Raw data: Begin

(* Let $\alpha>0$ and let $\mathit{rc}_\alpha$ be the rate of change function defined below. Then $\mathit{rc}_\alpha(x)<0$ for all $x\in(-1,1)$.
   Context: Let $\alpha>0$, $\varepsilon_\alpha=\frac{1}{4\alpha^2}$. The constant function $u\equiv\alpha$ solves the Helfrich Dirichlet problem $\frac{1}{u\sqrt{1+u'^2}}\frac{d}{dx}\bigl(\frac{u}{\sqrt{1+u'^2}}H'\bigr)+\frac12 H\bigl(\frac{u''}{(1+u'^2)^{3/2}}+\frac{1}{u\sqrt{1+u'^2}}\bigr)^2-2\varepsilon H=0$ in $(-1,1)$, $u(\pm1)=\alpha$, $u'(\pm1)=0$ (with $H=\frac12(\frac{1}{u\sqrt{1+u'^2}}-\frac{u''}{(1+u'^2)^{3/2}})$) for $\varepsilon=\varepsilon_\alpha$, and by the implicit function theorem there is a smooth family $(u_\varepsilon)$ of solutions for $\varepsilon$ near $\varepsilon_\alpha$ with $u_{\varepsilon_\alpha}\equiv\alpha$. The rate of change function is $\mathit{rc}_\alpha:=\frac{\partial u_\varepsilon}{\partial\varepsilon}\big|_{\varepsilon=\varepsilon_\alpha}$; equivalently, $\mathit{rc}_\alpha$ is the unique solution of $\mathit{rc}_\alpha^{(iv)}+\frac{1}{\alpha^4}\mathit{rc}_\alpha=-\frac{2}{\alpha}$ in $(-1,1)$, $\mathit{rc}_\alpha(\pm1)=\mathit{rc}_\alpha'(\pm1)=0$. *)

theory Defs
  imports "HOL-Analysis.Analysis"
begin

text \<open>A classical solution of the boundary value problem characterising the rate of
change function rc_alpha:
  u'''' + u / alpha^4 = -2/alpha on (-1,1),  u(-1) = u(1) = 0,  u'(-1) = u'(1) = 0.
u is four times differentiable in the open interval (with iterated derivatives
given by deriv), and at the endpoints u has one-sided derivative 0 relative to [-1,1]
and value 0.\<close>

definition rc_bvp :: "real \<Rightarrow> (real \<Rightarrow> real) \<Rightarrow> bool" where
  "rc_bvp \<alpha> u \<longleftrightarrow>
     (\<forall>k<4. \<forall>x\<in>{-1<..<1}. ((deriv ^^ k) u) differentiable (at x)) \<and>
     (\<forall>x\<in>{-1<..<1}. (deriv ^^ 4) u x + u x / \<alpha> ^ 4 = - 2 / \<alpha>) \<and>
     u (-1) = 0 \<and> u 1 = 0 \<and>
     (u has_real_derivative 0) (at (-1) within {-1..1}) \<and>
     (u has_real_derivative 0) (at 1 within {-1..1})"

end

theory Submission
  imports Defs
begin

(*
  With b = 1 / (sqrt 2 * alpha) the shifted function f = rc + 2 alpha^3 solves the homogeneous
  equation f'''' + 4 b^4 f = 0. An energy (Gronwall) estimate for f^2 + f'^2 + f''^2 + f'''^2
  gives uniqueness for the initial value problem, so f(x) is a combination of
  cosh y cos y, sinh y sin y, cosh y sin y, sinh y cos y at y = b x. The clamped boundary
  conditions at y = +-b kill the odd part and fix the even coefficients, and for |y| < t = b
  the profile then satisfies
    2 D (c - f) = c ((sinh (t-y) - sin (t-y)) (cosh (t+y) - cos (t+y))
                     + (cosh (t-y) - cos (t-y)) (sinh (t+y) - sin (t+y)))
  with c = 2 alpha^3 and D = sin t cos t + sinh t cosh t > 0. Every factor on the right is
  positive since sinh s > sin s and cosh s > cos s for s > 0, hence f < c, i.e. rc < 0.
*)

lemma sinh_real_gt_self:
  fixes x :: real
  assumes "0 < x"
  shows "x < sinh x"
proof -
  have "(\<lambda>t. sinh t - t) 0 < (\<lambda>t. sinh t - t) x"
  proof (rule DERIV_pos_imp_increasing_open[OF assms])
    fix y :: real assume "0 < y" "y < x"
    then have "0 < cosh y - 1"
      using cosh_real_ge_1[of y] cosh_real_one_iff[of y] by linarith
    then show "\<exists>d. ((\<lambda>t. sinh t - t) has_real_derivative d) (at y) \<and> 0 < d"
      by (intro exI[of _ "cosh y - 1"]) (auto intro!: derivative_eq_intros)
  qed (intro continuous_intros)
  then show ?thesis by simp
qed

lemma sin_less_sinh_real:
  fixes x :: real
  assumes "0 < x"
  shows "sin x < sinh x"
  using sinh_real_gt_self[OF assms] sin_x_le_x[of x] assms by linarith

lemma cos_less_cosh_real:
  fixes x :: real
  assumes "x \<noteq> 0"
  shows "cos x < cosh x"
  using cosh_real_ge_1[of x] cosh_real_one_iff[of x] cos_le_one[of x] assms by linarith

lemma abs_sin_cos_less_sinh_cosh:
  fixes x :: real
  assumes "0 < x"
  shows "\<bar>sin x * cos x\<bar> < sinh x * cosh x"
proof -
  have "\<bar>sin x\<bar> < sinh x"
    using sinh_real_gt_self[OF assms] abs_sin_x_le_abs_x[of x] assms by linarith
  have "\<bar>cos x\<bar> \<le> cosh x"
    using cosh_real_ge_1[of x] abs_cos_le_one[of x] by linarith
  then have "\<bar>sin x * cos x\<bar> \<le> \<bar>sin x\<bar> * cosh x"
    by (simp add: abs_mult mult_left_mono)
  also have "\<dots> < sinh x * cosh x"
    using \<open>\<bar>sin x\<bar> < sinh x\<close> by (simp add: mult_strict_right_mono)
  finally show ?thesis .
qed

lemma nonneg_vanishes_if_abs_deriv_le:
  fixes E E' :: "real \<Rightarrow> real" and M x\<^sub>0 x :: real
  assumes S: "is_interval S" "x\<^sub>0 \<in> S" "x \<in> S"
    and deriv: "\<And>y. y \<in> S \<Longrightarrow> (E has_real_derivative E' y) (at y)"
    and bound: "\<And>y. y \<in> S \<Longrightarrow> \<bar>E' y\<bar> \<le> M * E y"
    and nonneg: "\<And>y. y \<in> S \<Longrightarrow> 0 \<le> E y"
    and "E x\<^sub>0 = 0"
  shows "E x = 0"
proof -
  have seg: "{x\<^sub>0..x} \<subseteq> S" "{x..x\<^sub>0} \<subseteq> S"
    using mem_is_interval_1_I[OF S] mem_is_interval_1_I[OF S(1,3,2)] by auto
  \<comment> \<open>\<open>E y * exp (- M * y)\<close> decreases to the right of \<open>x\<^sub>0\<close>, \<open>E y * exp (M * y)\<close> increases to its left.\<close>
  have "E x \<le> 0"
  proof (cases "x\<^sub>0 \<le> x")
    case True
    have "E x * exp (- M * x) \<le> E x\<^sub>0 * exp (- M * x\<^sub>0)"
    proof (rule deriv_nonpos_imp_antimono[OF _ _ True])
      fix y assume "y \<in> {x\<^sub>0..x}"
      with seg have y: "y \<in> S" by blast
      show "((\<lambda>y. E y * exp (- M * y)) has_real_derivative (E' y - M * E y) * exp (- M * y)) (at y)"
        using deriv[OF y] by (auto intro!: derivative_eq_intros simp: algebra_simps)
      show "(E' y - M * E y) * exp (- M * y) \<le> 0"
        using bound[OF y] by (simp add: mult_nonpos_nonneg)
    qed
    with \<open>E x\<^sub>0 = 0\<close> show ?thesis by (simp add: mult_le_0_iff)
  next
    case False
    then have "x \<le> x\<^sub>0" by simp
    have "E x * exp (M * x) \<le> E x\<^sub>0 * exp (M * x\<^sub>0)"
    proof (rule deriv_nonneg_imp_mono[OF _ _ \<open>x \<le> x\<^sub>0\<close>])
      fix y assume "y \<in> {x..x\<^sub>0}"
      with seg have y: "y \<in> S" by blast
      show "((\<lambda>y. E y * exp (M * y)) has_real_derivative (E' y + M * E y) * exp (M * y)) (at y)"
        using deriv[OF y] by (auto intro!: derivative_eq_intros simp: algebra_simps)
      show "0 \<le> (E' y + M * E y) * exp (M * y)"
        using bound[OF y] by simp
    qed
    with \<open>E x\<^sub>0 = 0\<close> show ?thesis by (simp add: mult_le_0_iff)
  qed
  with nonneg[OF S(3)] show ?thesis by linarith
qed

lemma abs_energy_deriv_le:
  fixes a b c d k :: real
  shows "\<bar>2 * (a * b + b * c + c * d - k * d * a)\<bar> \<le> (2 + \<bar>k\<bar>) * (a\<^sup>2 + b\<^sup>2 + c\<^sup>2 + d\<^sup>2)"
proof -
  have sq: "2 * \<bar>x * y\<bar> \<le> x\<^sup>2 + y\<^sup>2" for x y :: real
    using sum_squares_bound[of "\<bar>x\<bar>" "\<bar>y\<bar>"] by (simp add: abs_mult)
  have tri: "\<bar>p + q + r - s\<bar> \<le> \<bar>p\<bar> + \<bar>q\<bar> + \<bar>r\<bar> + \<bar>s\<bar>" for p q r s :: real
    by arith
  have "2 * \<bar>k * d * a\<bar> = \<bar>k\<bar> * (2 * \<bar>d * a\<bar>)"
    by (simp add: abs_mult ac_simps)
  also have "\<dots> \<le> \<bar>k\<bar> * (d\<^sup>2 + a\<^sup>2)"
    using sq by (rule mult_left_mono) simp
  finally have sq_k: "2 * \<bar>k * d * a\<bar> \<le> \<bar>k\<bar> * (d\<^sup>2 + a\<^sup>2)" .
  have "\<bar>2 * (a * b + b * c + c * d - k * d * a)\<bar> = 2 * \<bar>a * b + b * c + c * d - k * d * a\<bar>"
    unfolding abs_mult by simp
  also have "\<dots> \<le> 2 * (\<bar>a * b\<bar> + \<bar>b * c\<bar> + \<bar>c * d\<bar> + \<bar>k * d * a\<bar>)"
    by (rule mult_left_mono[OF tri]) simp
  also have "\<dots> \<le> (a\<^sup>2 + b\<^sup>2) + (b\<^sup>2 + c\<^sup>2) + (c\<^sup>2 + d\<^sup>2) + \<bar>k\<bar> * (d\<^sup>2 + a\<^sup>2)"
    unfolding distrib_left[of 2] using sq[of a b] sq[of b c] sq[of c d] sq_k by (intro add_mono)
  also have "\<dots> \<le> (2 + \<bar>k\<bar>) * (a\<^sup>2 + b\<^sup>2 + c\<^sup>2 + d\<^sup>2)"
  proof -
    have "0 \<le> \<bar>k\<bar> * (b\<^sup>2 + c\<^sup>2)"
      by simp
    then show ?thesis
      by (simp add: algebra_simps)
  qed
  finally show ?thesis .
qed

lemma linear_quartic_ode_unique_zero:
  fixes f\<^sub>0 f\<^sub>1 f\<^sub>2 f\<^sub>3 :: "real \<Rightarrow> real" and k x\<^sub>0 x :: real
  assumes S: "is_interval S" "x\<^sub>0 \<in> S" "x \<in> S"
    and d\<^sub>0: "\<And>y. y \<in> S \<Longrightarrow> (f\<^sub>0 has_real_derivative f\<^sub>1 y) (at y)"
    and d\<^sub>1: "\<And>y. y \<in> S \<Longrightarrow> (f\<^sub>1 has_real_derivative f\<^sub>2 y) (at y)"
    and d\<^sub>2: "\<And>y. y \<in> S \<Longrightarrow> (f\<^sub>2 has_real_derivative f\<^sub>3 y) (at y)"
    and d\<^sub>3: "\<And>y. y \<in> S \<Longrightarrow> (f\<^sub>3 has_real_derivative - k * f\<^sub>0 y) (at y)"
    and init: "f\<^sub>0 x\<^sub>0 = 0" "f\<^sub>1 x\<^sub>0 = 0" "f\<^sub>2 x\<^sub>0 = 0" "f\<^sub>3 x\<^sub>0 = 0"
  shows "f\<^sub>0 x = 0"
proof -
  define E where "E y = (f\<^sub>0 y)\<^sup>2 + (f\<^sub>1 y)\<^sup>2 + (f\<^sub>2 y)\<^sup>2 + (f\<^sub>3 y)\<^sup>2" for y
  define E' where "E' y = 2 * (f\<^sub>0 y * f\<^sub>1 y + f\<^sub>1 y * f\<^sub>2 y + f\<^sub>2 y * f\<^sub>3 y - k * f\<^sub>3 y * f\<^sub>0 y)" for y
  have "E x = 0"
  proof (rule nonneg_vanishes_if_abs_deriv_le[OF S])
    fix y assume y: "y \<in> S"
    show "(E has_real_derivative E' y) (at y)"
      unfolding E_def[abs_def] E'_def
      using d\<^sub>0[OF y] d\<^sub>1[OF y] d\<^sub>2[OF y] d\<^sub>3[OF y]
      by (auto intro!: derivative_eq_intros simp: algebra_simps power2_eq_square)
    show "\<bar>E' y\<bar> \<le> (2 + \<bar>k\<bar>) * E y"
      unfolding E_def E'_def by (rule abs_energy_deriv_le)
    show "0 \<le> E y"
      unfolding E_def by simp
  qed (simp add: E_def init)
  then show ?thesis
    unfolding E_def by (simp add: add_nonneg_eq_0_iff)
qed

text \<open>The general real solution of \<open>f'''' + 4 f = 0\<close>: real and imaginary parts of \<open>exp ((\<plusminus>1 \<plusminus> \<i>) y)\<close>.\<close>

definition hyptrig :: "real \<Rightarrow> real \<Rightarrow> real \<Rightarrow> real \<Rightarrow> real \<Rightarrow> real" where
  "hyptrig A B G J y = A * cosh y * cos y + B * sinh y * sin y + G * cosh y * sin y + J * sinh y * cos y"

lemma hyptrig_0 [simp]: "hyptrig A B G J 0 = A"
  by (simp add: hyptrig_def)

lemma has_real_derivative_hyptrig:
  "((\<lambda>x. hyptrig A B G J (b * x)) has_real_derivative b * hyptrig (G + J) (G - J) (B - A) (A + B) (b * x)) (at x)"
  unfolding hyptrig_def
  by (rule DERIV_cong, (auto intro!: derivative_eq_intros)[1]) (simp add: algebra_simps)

Raw data: End

# Task item
From the data, collect all lines where the string "forall" appears.

# Answer to this exercise
     (\<forall>k<4. \<forall>x\<in>{-1<..<1}. ((deriv ^^ k) u) differentiable (at x)) \<and>
     (\<forall>x\<in>{-1<..<1}. (deriv ^^ 4) u x + u x / \<alpha> ^ 4 = - 2 / \<alpha>) \<and>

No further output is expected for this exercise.